Abe, David, and Noah grinned at her before saying, “Yes, Molly,” in unison.

Well aware she was being teased, she made a face at them.

“Don’t worry, boys.” Fox tucked Molly to his side. “She’ll be far too busy to hassle you tonight or tomorrow morning.”

Molly elbowed him. “You are so not getting lucky tonight.”

Noah hooted just as one of the crew called out a warning that the backstage fans were about to come in. Leaving the band in the corridor, Molly slipped out of sight. She had no problem with being known as Fox’s girl, but she had no desire whatsoever to be a celebrity.

Fox winked at her as she entered the dressing room, and she knew he understood. Just as she understood that he thrived in the spotlight, in the surge of energy that came with performing live, and in interacting with the band’s fans. If he’d needed it all the time, they would’ve never worked, but he was a musician at heart, liked the peace of home to create.

So they fit.

Chapter 39

Her rock star did get lucky that night—as if she had any chance of resisting him. She kissed his throat when he collapsed on top of her, tasting the salt and untamed masculinity of him, her fingers weaving through his hair.

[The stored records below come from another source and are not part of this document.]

(* Let $d\ge5$, $\varepsilon\in(0,1/12)$ and $L_u=u^{2\varepsilon}/\sqrt u$. There exist $u_1=u_1(\varepsilon)>0$ and constants $\xi>0$, $C>0$ such that for all $u\in(0,u_1)$, $\mathbb P(\mathscr C_u)\ge1-Ce^{-\xi u^{-\varepsilon}}$, where $\mathscr C_u$ is the event that every path $w\in\vec{\mathcal W}_u$ satisfies $\mathrm{cap}\big(\mathrm{range}(w)\cap B(2L_u)\big)<u^{-2\varepsilon}L_u^2$.
   Context: Random interlacements at level $u$ on $\mathbb{Z}^d$. $\vec{\mathcal W}_u$ denotes the collection of paths obtained by taking each trajectory with label $\le u$ that hits $B(2L_u)$ and keeping its part from its first entrance into $B(2L_u)$ onwards; their number is Poisson with parameter $u\,\mathrm{cap}(B(2L_u))$ and, given the number, they are i.i.d. simple random walks started from the normalized equilibrium measure of $B(2L_u)$. $B(r)=[-r,r)^d\cap\mathbb{Z}^d$, $\mathrm{cap}$ is discrete capacity, $\mathrm{range}(w)$ the set of visited vertices. *)

theory Defs
  imports "HOL-Analysis.Analysis" "HOL-Probability.Probability"
begin

text \<open>The lattice Z^d is modelled as int ^ 'd, with d = CARD('d).\<close>

definition box_Zd :: "real \<Rightarrow> (int ^ 'd::finite) set" where
  "box_Zd r = {x. \<forall>i. - r \<le> real_of_int (x $ i) \<and> real_of_int (x $ i) < r}"

definition unit_steps :: "(int ^ 'd::finite) set" where
  "unit_steps = {v. \<exists>i. v = axis i 1 \<or> v = axis i (-1)}"

definition step_pmf :: "(int ^ 'd::finite) pmf" where
  "step_pmf = pmf_of_set unit_steps"

definition steps_space :: "(int ^ 'd::finite) stream measure" where
  "steps_space = stream_space (measure_pmf step_pmf)"

definition walk_pos :: "int ^ 'd::finite \<Rightarrow> (int ^ 'd) stream \<Rightarrow> nat \<Rightarrow> int ^ 'd" where
  "walk_pos x s n = x + (\<Sum>k<n. s !! k)"

definition walk_range :: "int ^ 'd::finite \<Rightarrow> (int ^ 'd) stream \<Rightarrow> (int ^ 'd) set" where
  "walk_range x s = range (walk_pos x s)"

definition escape_prob :: "(int ^ 'd::finite) set \<Rightarrow> int ^ 'd \<Rightarrow> real" where
  "escape_prob K x = measure steps_space {s \<in> space steps_space. \<forall>n>0. walk_pos x s n \<notin> K}"

definition equilibrium :: "(int ^ 'd::finite) set \<Rightarrow> int ^ 'd \<Rightarrow> real" where
  "equilibrium K x = (if x \<in> K then escape_prob K x else 0)"

definition cap :: "(int ^ 'd::finite) set \<Rightarrow> real" where
  "cap K = (\<Sum>x\<in>K. equilibrium K x)"

definition norm_equilibrium :: "(int ^ 'd::finite) set \<Rightarrow> (int ^ 'd) pmf" where
  "norm_equilibrium K = embed_pmf (\<lambda>x. equilibrium K x / cap K)"

definition L_scale :: "real \<Rightarrow> real \<Rightarrow> real" where
  "L_scale \<epsilon> u = u powr (2 * \<epsilon>) / sqrt u"
lemma P5_fixed_eq_root_classes: "P5_fixed q \<sigma> = root_class ` frob_roots"
proof
  have E: "equiv configs (pgl_rel :: (('k^3^5) \<times> _) set)" by (rule equiv_pgl_rel)
  show "P5_fixed q \<sigma> \<subseteq> root_class ` frob_roots"
  proof
    fix X assume "X \<in> (P5_fixed q \<sigma> :: ('k^3^5) set set)"
    then obtain v where X: "X = pgl_rel``{v}" and v: "v \<in> configs"
      and fixed: "(v, frob_perm q \<sigma> v) \<in> pgl_rel"
      unfolding P5_fixed_eq[OF inj_\<sigma>] by blast
    obtain s t where "proj_equiv v (std_config s t)"
      using ex_proj_equiv_std_config[of v] v by (auto simp: configs_def)
    then have vn: "(v, std_config s t) \<in> pgl_rel" using v by (simp add: pgl_rel_iff configs_def)
    have "(std_config s t, v) \<in> pgl_rel" using E vn unfolding equiv_def by (blast dest: symD)
    then have "(std_config s t, frob_perm q \<sigma> (std_config s t)) \<in> pgl_rel"
      using fixed pgl_rel_frob_perm[OF inj_\<sigma> vn] E unfolding equiv_def by (meson transD)
    then have "t = 1 - s ^ q" "s \<in> frob_roots"
      using frob_fixed_std_configD by (auto simp: pgl_rel_iff frob_roots_def)
    moreover have "X = pgl_rel``{std_config s t}" unfolding X using E vn by (rule equiv_class_eq)
    ultimately show "X \<in> root_class ` frob_roots" unfolding root_class_def by blast
  qed
next
  show "root_class ` frob_roots \<subseteq> P5_fixed q \<sigma>"
  proof (rule image_subsetI)
    fix y assume "y \<in> frob_roots"
    then have "(std_config y (1 - y ^ q), frob_perm q \<sigma> (std_config y (1 - y ^ q))) \<in> pgl_rel"
      using gen_pos_std_config_root frob_fixed_std_configI
      by (simp add: pgl_rel_iff frob_roots_def)
    then show "root_class y \<in> P5_fixed q \<sigma>"
      unfolding P5_fixed_eq[OF inj_\<sigma>] root_class_def
      using std_config_root_in_configs[OF \<open>y \<in> frob_roots\<close>] by blast
  qed
qed

lemma inj_on_root_class: "inj_on root_class frob_roots"
proof (rule inj_onI)
  fix y y' assume "y \<in> frob_roots" "y' \<in> frob_roots" and eq: "root_class y = root_class y'"
  have "(std_config y (1 - y ^ q), std_config y' (1 - y' ^ q) :: 'k^3^5) \<in> pgl_rel"
    using eq[unfolded root_class_def] equiv_pgl_rel
      std_config_root_in_configs[OF \<open>y' \<in> frob_roots\<close>] by (rule eq_equiv_class)
  then have "proj_equiv (std_config y (1 - y ^ q)) (std_config y' (1 - y' ^ q) :: 'k^3^5)"
    by (simp add: pgl_rel_iff)
  then show "y = y'" using std_config_unique by blast
qed

lemma card_P5_fixed:
  assumes alg_closed: "\<forall>g :: 'k poly. degree g > 0 \<longrightarrow> (\<exists>x. poly g x = 0)"
  shows "card (P5_fixed q \<sigma> :: ('k^3^5) set set) = q\<^sup>2 + 1"
  using card_frob_roots[OF alg_closed] inj_on_root_class
  by (simp add: P5_fixed_eq_root_classes card_image)

end

lemma five_cycle_cycle_of_list:
  assumes "distinct cs" and "length cs = 5"
  shows "five_cycle (cs!0) (cs!1) (cs!2) (cs!3) (cs!4) (cycle_of_list cs)"
proof -
  obtain a b c d e where cs: "cs = [a, b, c, d, e]"
    using assms(2) by (auto simp: numeral_eq_Suc length_Suc_conv)
  have "set cs = UNIV"
    using assms by (intro card_subset_eq) (auto simp: distinct_card)
  then show ?thesis
    using assms(1) unfolding cs by unfold_locales auto
qed

theorem mainTheorem6:
  fixes p n q :: nat and \<sigma> :: "5 \<Rightarrow> 5" and cs :: "5 list"
  assumes "prime p" and "n \<ge> 1" and "q = p ^ n"
    and "CHAR('k::field) = p"
    and "\<forall>f :: 'k poly. degree f > 0 \<longrightarrow> (\<exists>x. poly f x = 0)"
    and "\<forall>x :: 'k. \<exists>m>0. x ^ (p ^ m) = x"
    and "distinct cs" and "length cs = 5" and "\<sigma> = cycle_of_list cs"
  shows "card (P5_fixed q \<sigma> :: ('k^3^5) set set) = q ^ 2 + 1"
proof -
  have "char_power TYPE('k) q"
    using assms(1-4) by unfold_locales auto
  moreover have "five_cycle (cs!0) (cs!1) (cs!2) (cs!3) (cs!4) \<sigma>"
    unfolding assms(9) using assms(7,8) by (rule five_cycle_cycle_of_list)
  ultimately show ?thesis
    using five_cycle_char_power.card_P5_fixed five_cycle_char_power.intro assms(5) by blast
qed

end
(* Let $1\le k\le n$, $h=\mathcal D_K(x^{\epsilon_k+\epsilon_{-k}})$, $e=\mathcal D_K(x^{2\epsilon_k+\epsilon_{-k}})$, $d^{(\ell)}=\frac1{\ell!}(\mathrm{ad}\,e)^\ell$. For $a\in\mathbb F$ put $F_a=\sum_{r\ge0}\frac1{r!}h_a^{\langle r\rangle}\otimes e^rt^r\in (U(\mathbf K)\otimes U(\mathbf K))[[t]]$ and $u_a=\sum_{r\ge0}\frac{(-1)^r}{r!}h_{-a}^{[r]}e^rt^r\in U(\mathbf K)[[t]]$. Then for every $\alpha\in\mathbb Z^{2n+1}$, $a\in\mathbb F$ and integer $s\ge1$: $$\big(\mathcal D_K(x^\alpha)^s\otimes1\big)F_a=F_{a+s(\alpha_{-k}-\alpha_k)}\big(\mathcal D_K(x^\alpha)^s\otimes1\big),$$ $$\mathcal D_K(x^\alpha)^s\,u_a=u_{a+s(\alpha_k-\alpha_{-k})}\sum_{\ell\ge0}d^{(\ell)}\big(\mathcal D_K(x^\alpha)^s\big)\,h_{1-a}^{\langle\ell\rangle}t^\ell,$$ $$\big(1\otimes\mathcal D_K(x^\alpha)^s\big)F_a=\sum_{\ell\ge0}(-1)^\ell F_{a+\ell}\big(h_a^{\langle\ell\rangle}\otimes d^{(\ell)}(\mathcal D_K(x^\alpha)^s)\big)t^\ell.$$
   Context: Let $\mathbb F$ be a field of characteristic $0$ and $n\ge1$. Coordinates are indexed by $\{-n,\dots,-1,0,1,\dots,n\}$; $\epsilon_i\in\mathbb Z^{2n+1}$ is the $i$-th unit vector and, for $\alpha\in\mathbb Z^{2n+1}$, $x^\alpha=\prod_i x_i^{\alpha_i}$ in $\mathbb F[x_{-n}^{\pm1},\dots,x_n^{\pm1}]$. Define the derivation $\mathcal D_K(x^\alpha)=\big(2-\sum_{i=1}^n(\alpha_i+\alpha_{-i})\big)x^\alpha\frac{\partial}{\partial x_0}+\sum_{i=1}^n\Big[(\alpha_0x^{\alpha+\epsilon_i-\epsilon_0}+\alpha_{-i}x^{\alpha-\epsilon_{-i}})\frac{\partial}{\partial x_i}+(\alpha_0x^{\alpha+\epsilon_{-i}-\epsilon_0}-\alpha_ix^{\alpha-\epsilon_i})\frac{\partial}{\partial x_{-i}}\Big]$, extended linearly. The generalized Cartan type $K$ Lie algebra $\mathbf K$ is the Lie algebra of derivations (commutator bracket) with basis $\{\mathcal D_K(x^\alpha):\alpha\in\mathbb Z^{2n+1}\}$; explicitly $[\mathcal D_K(x^\alpha),\mathcal D_K(x^\beta)]=\mathcal D_K\Big(\big((2-\sum_{i=1}^n(\alpha_i+\alpha_{-i}))\beta_0-(2-\sum_{i=1}^n(\beta_i+\beta_{-i}))\alpha_0\big)x^{\alpha+\beta-\epsilon_0}+\sum_{i=1}^n(\alpha_{-i}\beta_i-\alpha_i\beta_{-i})x^{\alpha+\beta-\epsilon_i-\epsilon_{-i}}\Big)$. For an element $x$ of a unital algebra, a scalar $a$ and $m\ge0$: $x_a^{\langle m\rangle}=(x+a)(x+a+1)\cdots(x+a+m-1)$, $x_a^{[m]}=(x+a)(x+a-1)\cdots(x+a-m+1)$, $x^{\langle m\rangle}=x_0^{\langle m\rangle}$ (empty products $=1$). $\mathrm{ad}\,e(y)=ey-ye$. *)

theory Defs
  imports "HOL-Computational_Algebra.Formal_Power_Series"
begin

(* Multi-indices alpha in Z^{2n+1}, coordinates -n..n, represented as int => int
   vanishing outside [-n,n]. *)
definition Zvec :: "nat \<Rightarrow> (int \<Rightarrow> int) set" where
  "Zvec n = {\<alpha>. \<forall>j. (j < - int n \<or> int n < j) \<longrightarrow> \<alpha> j = 0}"

definition eps :: "int \<Rightarrow> int \<Rightarrow> int" where
  "eps i = (\<lambda>j. if j = i then 1 else 0)"

definition wK :: "nat \<Rightarrow> (int \<Rightarrow> int) \<Rightarrow> int" where
  "wK n \<alpha> = 2 - (\<Sum>i=1..n. \<alpha> (int i) + \<alpha> (- int i))"

(* sc makes the unital ring 'a an associative unital F-algebra (sc central unital ring hom) *)
definition central_alg_hom :: "('f::field_char_0 \<Rightarrow> 'a::ring_1) \<Rightarrow> bool" where
  "central_alg_hom sc \<longleftrightarrow>
     sc 1 = 1 \<and> (\<forall>x y. sc (x + y) = sc x + sc y) \<and> (\<forall>x y. sc (x * y) = sc x * sc y)
     \<and> (\<forall>x u. sc x * u = u * sc x)"

(* rho gives the images of the basis elements D_K(x^alpha) under a Lie algebra
   homomorphism K -> (A, commutator); the linear extension is a Lie hom iff the
   images satisfy the bracket relations on basis elements. *)
definition K_rep :: "nat \<Rightarrow> ('f::field_char_0 \<Rightarrow> 'a::ring_1) \<Rightarrow> ((int \<Rightarrow> int) \<Rightarrow> 'a) \<Rightarrow> bool" where
  "K_rep n sc \<rho> \<longleftrightarrow>
    (\<forall>\<alpha>\<in>Zvec n. \<forall>\<beta>\<in>Zvec n.
       \<rho> \<alpha> * \<rho> \<beta> - \<rho> \<beta> * \<rho> \<alpha> =
         sc (of_int (wK n \<alpha> * \<beta> 0 - wK n \<beta> * \<alpha> 0)) * \<rho> (\<lambda>j. \<alpha> j + \<beta> j - eps 0 j)
       + (\<Sum>i=1..n. sc (of_int (\<alpha> (- int i) * \<beta> (int i) - \<alpha> (int i) * \<beta> (- int i)))
                      * \<rho> (\<lambda>j. \<alpha> j + \<beta> j - eps (int i) j - eps (- int i) j)))"

fun rising :: "('f::field_char_0 \<Rightarrow> 'a::ring_1) \<Rightarrow> 'a \<Rightarrow> 'f \<Rightarrow> nat \<Rightarrow> 'a" where
  "rising sc x a 0 = 1"
| "rising sc x a (Suc m) = rising sc x a m * (x + sc a + of_nat m)"

fun falling :: "('f::field_char_0 \<Rightarrow> 'a::ring_1) \<Rightarrow> 'a \<Rightarrow> 'f \<Rightarrow> nat \<Rightarrow> 'a" where
  "falling sc x a 0 = 1"
| "falling sc x a (Suc m) = falling sc x a m * (x + sc a - of_nat m)"

definition dpow :: "('f::field_char_0 \<Rightarrow> 'a::ring_1) \<Rightarrow> 'a \<Rightarrow> nat \<Rightarrow> 'a \<Rightarrow> 'a" where
  "dpow sc e l y = sc (1 / fact l) * (((\<lambda>z. e * z - z * e) ^^ l) y)"

(* F_a = sum_r (1/r!) h_a^<r> (x) e^r t^r, with h(x)1 -> H, 1(x)e -> E *)
definition Fser :: "('f::field_char_0 \<Rightarrow> 'a::ring_1) \<Rightarrow> 'a \<Rightarrow> 'a \<Rightarrow> 'f \<Rightarrow> 'a fps" where
  "Fser sc H E a = Abs_fps (\<lambda>r. sc (1 / fact r) * rising sc H a r * E ^ r)"

definition user :: "('f::field_char_0 \<Rightarrow> 'a::ring_1) \<Rightarrow> 'a \<Rightarrow> 'a \<Rightarrow> 'f \<Rightarrow> 'a fps" where
  "user sc H E a = Abs_fps (\<lambda>r. sc ((-1) ^ r / fact r) * falling sc H (- a) r * E ^ r)"

(* the t-adically convergent sum  sum_{l>=0} G_l t^l  of power series G_l *)
definition tsum :: "(nat \<Rightarrow> 'a::ring_1 fps) \<Rightarrow> 'a fps" where
  "tsum G = Abs_fps (\<lambda>m. \<Sum>l\<le>m. fps_nth (G l) (m - l))"

end

theory Submission
  imports Defs
begin

(* The whole proof rests on three facts:
   (i)  ad h acts diagonally on the basis: [h, D_K(x^beta)] = (beta_k - beta_-k) D_K(x^beta),
        so X = D_K(x^alpha)^s has h-weight mu = s(alpha_k - alpha_-k) and e has weight 1;
   (ii) an element Z of weight mu satisfies Z H = (H - mu) Z, hence moves past the
        Pochhammer products H_a^<r>, H_a^[r] by shifting the parameter a;
   (iii) the Leibniz expansion X E^m = sum_j (-1)^j C(m,j) E^(m-j) (ad E)^j X.  Then the three
   identities are proved coefficientwise for arbitrary H, E, X satisfying the relevant
   weight/commutation hypotheses, and finally the bracket relations of K supply these
   hypotheses for h, e and X. *)

abbreviation ad :: "'a::ring_1 \<Rightarrow> 'a \<Rightarrow> 'a" where
  "ad E \<equiv> (\<lambda>z. E * z - z * E)"

(* Leibniz-type expansion of X E^m in terms of the iterated commutators (ad E)^j X;
   this is what turns a left multiplication by X into the series of d^(l)(X). *)
lemma mult_power_ad_expansion:
  fixes E X :: "'a::ring_1"
  shows "X * E ^ m = (\<Sum>j\<le>m. of_int ((-1)^j * int (m choose j)) * (E ^ (m - j) * (ad E ^^ j) X))"
proof (induction m)
  case 0 then show ?case by simp
next
  case (Suc m)
  define Y where "Y = (\<lambda>j. (ad E ^^ j) X)"
  define c where "c = (\<lambda>m j. of_int ((-1)^j * int (m choose j)) :: 'a)"
  have YE: "Y j * E = E * Y j - Y (Suc j)" for j by (simp add: Y_def)
  have "X * E ^ Suc m = (X * E ^ m) * E" by (simp add: power_commutes mult.assoc)
  also have "\<dots> = (\<Sum>j\<le>m. c m j * (E ^ (m - j) * (Y j * E)))"
    unfolding Suc c_def Y_def by (simp add: sum_distrib_right mult.assoc)
  also have "\<dots> = (\<Sum>j\<le>m. c m j * (E ^ (Suc m - j) * Y j)) - (\<Sum>j\<le>m. c m j * (E ^ (m - j) * Y (Suc j)))"
  proof -
    have "c m j * (E ^ (m - j) * (Y j * E)) = c m j * (E ^ (Suc m - j) * Y j) - c m j * (E ^ (m - j) * Y (Suc j))"
      if "j \<le> m" for j
    proof -
      have "E ^ (Suc m - j) = E ^ (m - j) * E" using that by (simp add: Suc_diff_le power_commutes)
      then show ?thesis unfolding YE by (simp add: algebra_simps)
    qed
    then show ?thesis by (simp add: sum_subtractf)
  qed
  also have "(\<Sum>j\<le>m. c m j * (E ^ (Suc m - j) * Y j)) = (\<Sum>j\<le>Suc m. c m j * (E ^ (Suc m - j) * Y j))"
    by (simp add: c_def binomial_eq_0)
  also have "\<dots> = c m 0 * (E ^ Suc m * Y 0) + (\<Sum>i\<le>m. c m (Suc i) * (E ^ (m - i) * Y (Suc i)))"
    by (subst sum.atMost_Suc_shift) simp
  also have "c m 0 * (E ^ Suc m * Y 0) + (\<Sum>i\<le>m. c m (Suc i) * (E ^ (m - i) * Y (Suc i)))
      - (\<Sum>j\<le>m. c m j * (E ^ (m - j) * Y (Suc j)))
     = c (Suc m) 0 * (E ^ Suc m * Y 0) + (\<Sum>i\<le>m. c (Suc m) (Suc i) * (E ^ (m - i) * Y (Suc i)))"
  proof -
    have "c (Suc m) (Suc i) = c m (Suc i) - c m i" for i by (simp add: c_def algebra_simps)
    then show ?thesis by (simp add: c_def left_diff_distrib sum_subtractf)
  qed
  also have "\<dots> = (\<Sum>j\<le>Suc m. c (Suc m) j * (E ^ (Suc m - j) * Y j))"
    by (subst sum.atMost_Suc_shift) simp
  finally show ?case by (simp add: c_def Y_def)
qed

lemma of_int_move_left: "(x::'a::ring_1) * R * (of_int c * Z) = (x * of_int c) * R * Z"
proof -
  have "R * (of_int c * Z) = of_int c * (R * Z)"
    by (metis mult.assoc mult_of_int_commute)
  then show ?thesis by (simp only: mult.assoc)
qed

lemma weight_commute: "H * Z - Z * H = c * Z \<Longrightarrow> Z * H = (H - c) * Z"
  for H Z c :: "'a::ring_1"
  by (simp add: algebra_simps)

lemma binomial_over_fact:
  "j \<le> m \<Longrightarrow> (1 / fact m :: 'f::field_char_0) * of_int ((-1)^j * int (m choose j))
      = (-1)^j * (1 / fact (m - j) * (1 / fact j))"
  by (simp add: binomial_fact field_simps)

lemma signed_binomial_over_fact:
  assumes j: "j \<le> m"
  shows "((-1)^m / fact m :: 'f::field_char_0) * of_int ((-1)^j * int (m choose j))
      = (-1)^(m-j) / fact (m - j) * (1 / fact j)"
proof -
  have "(-1::'f)^m * (-1)^j = (-1)^(m-j)"
  proof -
    have "(-1::'f)^m = (-1)^(m-j) * (-1)^j" using j by (simp add: power_add[symmetric])
    moreover have "(-1::'f)^j * (-1)^j = 1" by (simp flip: power_mult_distrib)
    ultimately show ?thesis by (simp add: mult.assoc)
  qed
  then show ?thesis using j by (simp add: binomial_fact field_simps)
qed
text \<open>Coefficient of x^u z^v in Q(x+alpha, 1, z+0).\<close>
definition shift_coeff_z :: "nat \<Rightarrow> (nat \<Rightarrow> 'a::comm_ring_1 poly) \<Rightarrow> 'a \<Rightarrow> nat \<Rightarrow> nat \<Rightarrow> 'a" where
  "shift_coeff_z l Q alpha u v =
     (\<Sum>j\<le>l. coeff (pcompose (Q j) [:alpha, 1:]) u * coeff ([:0, 1:] ^ (l - j)) v)"

definition zero_mult_ge :: "nat \<Rightarrow> (nat \<Rightarrow> 'a::field poly) \<Rightarrow> 'a \<Rightarrow> 'a \<Rightarrow> 'a \<Rightarrow> nat \<Rightarrow> bool" where
  "zero_mult_ge l Q alpha a b s =
     (if b \<noteq> 0 then (\<forall>u v. u + v < s \<longrightarrow> shift_coeff_y l Q alpha (a / b) u v = 0)
      else (\<forall>u v. u + v < s \<longrightarrow> shift_coeff_z l Q alpha u v = 0))"

definition wdeg :: "int \<Rightarrow> int \<Rightarrow> nat \<Rightarrow> (nat \<Rightarrow> 'a::zero poly) \<Rightarrow> int" where
  "wdeg w1 w2 l Q = Max {int (degree (Q j)) + w1 * int j + w2 * int (l - j) | j. j \<le> l \<and> Q j \<noteq> 0}"

definition heval :: "nat \<Rightarrow> (nat \<Rightarrow> 'a::comm_semiring_1 poly) \<Rightarrow> 'a poly \<Rightarrow> 'a poly \<Rightarrow> 'a poly" where
  "heval l Q A B = (\<Sum>j\<le>l. Q j * A ^ j * B ^ (l - j))"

On her wrist sparkled the white fire of a diamond bracelet he’d given her before the concert. Molly was almost afraid to ask what it was worth—she’d probably never wear it, she’d be so worried about losing a stone. “Don’t,” she murmured when he pushed himself up to his elbows. “I like you there.”

A grin, his hand fisting in her hair to hold her in place for his kiss. “I need to get some more fluids into my body. Especially since you’ve just wrung me dry.” Another slow kiss before he left her pleasured and sated body—to her shuddering moan—and walked out of the bedroom area of the coach. “You want a drink, baby?” he called out.